Contractors or subcontractors may deliberately deliver substandard goods or services that are not what is called for in the contract.

One of the most common violations of the FCA involves overbilling the government for the cost of services and goods or charging the government for labor and materials that were not delivered.

At the beginning of the contracting process, contractors may engage in fraud by providing false information about their or their subcontractors’ qualifications or misrepresenting other critical information to win a contract. This practice is commonly known as false certification. It involves deliberately failing to disclose noncompliance with a material statutory, regulatory, or contractual requirement.

Falsely certifying compliance with certain labor standards is a closely related problem. This may involve failing to pay construction workers at least the prevailing wage in the same locality. Contractors are also responsible for submitting wage certifications of payroll for all their subcontractors, commonly known as payroll certification.

Bid rigging and price-fixing involve schemes between ostensible competitors to manipulate the bidding process. These generally involve unlawful agreements not to compete for government contracts or to limit the price on the bids submitted.

Whistleblowers Often Feel the Risk is Worth It

Many whistleblowers embrace the risk to their employment out of a sense of altruism. Their sense of self-sacrifice may be considered unselfishness. Whistleblowers sometimes share in the fines paid by government contractors who were found guilty, but a financial reward may not be a motivating factor.

These types of contractor claims are sometimes referred to as qui tam claims, which is the shortened version of the Latin phrase, “qui tam pro domino rege quam pro se ipso in hac parte sequitur,” meaning “[he] who sues in this matter for the king as well as for himself.” The whistleblower essentially acts on behalf of the government because he or she is often the only person in a position to know about the fraud.

As another oddity of language, the whistleblower is technically known as the relator, as in the one who can tell or relate the facts.

An FCA claim must involve knowing fraud on the part of the contractor or subcontractor. The accidental delivery of nonconforming goods or a good-faith mistake about a subcontractor’s pay scale might give rise to a breach of contract or some other lawsuit, but it would not qualify as an FCA claim.

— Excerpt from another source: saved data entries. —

lemma chain_has_min:
  assumes "finite C" "C \<noteq> {}" "C \<subseteq> P" "chain_on le C"
  shows "\<exists>m\<in>C. \<forall>x\<in>C. le m x"
  using assms
proof (induction C rule: finite_ne_induct)
  case (singleton a)
  then show ?case by (auto intro: po_refl)
next
  case (insert a C)
  then obtain m where m: "m \<in> C" "\<forall>x\<in>C. le m x"
    unfolding chain_on_def by blast
  have "le a m \<or> le m a"
    using insert.prems m(1) unfolding chain_on_def by blast
  then show ?case
  proof
    assume "le a m"
    then have "\<forall>x\<in>insert a C. le a x"
      using insert.prems m po_trans[of a m] by (auto intro: po_refl)
    then show ?thesis by blast
  qed (use m in auto)
qed

end

locale finite_graded_poset = poset_on +
  fixes \<rho> :: "'a \<Rightarrow> nat"
  assumes finite_carrier: "finite P" and graded: "graded_rank P le \<rho>"
begin

lemma rank_cover: "covers P le x y \<Longrightarrow> \<rho> y = \<rho> x + 1"
  using graded unfolding graded_rank_def covers_def by blast

lemma rank_bot: "is_bot P le b \<Longrightarrow> \<rho> b = 0"
  using graded is_bot_unique unfolding graded_rank_def by blast

lemma rank_atom: "a \<in> atoms_of P le \<Longrightarrow> \<rho> a = 1"
  unfolding atoms_of_def using rank_bot rank_cover by fastforce

lemma rank_less:
  assumes "x \<in> P" "z \<in> P" "lt_on le x z"
  shows "\<rho> x < \<rho> z"
  using assms
proof (induction "card {v \<in> P. lt_on le x v \<and> le v z}" arbitrary: x z rule: less_induct)
  case less
  show ?case
  proof (cases "covers P le x z")
    case True
    then show ?thesis by (simp add: rank_cover)
  next
    case False
    then obtain u where u: "u \<in> P" "lt_on le x u" "lt_on le u z"
      using less.prems unfolding covers_def by blast
    let ?I = "\<lambda>x z. {v \<in> P. lt_on le x v \<and> le v z}"
    have fin: "finite (?I x z)"
      using finite_carrier by simp
    have "?I x u \<subseteq> ?I x z"
      using u(1,3) less.prems(2) po_trans[of _ u z] unfolding lt_on_def by blast
    moreover have "z \<in> ?I x z - ?I x u"
      using u less.prems po_antisym[of u z] po_refl[of z] unfolding lt_on_def by blast
    ultimately have "?I x u \<subset> ?I x z"
      by blast
    then have "\<rho> x < \<rho> u"
      using less.hyps psubset_card_mono[OF fin] less.prems(1) u by blast
    have "?I u z \<subseteq> ?I x z"
      using u(1,2) less.prems(1) po_trans[of x u] po_antisym[of x u] unfolding lt_on_def by blast
    moreover have "u \<in> ?I x z - ?I u z"
      using u unfolding lt_on_def by blast
    ultimately have "?I u z \<subset> ?I x z"
      by blast
    then have "\<rho> u < \<rho> z"
      using less.hyps psubset_card_mono[OF fin] less.prems(2) u by blast
    with \<open>\<rho> x < \<rho> u\<close> show ?thesis by simp
  qed
qed

lemma rank_mono: "x \<in> P \<Longrightarrow> z \<in> P \<Longrightarrow> le x z \<Longrightarrow> \<rho> x \<le> \<rho> z"
  using rank_less[of x z] by (cases "x = z") (auto simp: lt_on_def)

end

locale geom_lattice =
  fixes L :: "'a set" and le :: "'a \<Rightarrow> 'a \<Rightarrow> bool" and \<rho> :: "'a \<Rightarrow> nat"
  assumes geometric: "geometric_lattice L le \<rho>"

sublocale geom_lattice \<subseteq> finite_graded_poset L le \<rho>
  using geometric
  by unfold_locales (auto simp: geometric_lattice_def finite_lattice_on_def)

context geom_lattice
begin

lemma is_lub_join_on: "x \<in> L \<Longrightarrow> y \<in> L \<Longrightarrow> is_lub L le {x, y} (join_on L le x y)"
  using geometric join_on_eq unfolding geometric_lattice_def finite_lattice_on_def by metis

lemma is_glb_meet_on: "x \<in> L \<Longrightarrow> y \<in> L \<Longrightarrow> is_glb L le {x, y} (meet_on L le x y)"
  using geometric meet_on_eq unfolding geometric_lattice_def finite_lattice_on_def by metis

lemma rank_submodular:
  "x \<in> L \<Longrightarrow> y \<in> L \<Longrightarrow> \<rho> (join_on L le x y) + \<rho> (meet_on L le x y) \<le> \<rho> x + \<rho> y"
  using geometric unfolding geometric_lattice_def by blast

A variety of federal and Texas laws may apply to facts initially brought forward as a potential FCA claim. Even if an FCA claim proves unworkable, that is not necessarily the end of legal options available to an employee who has taken on the task of reporting wrongdoing.

When a whistleblower decides to proceed, a qui tam claim must be filed with the court under seal. The complaint and disclosure of all relevant information about the claim are initially served on the U.S. Attorney for the judicial district where the qui tam claim was filed and on the Attorney General of the United States. The complaint is sealed for a period of 60 days. This means that the identity of the whistleblower is protected. It also protects the alleged fraudster from public disclosure in the event the government decides not to proceed.

During that 60-day period, the government investigates the allegations in the complaint; thereafter, it will notify the court whether it has decided to proceed or not. If the government chooses to intervene in the claim, it takes over the primary responsibility for prosecuting the action. It can dismiss or settle the action even if the whistleblower objects, as long as the whistleblower has a hearing and the court determines that the settlement is fair. If the government chooses not to proceed, the whistleblower may continue alone in the pursuit of justice.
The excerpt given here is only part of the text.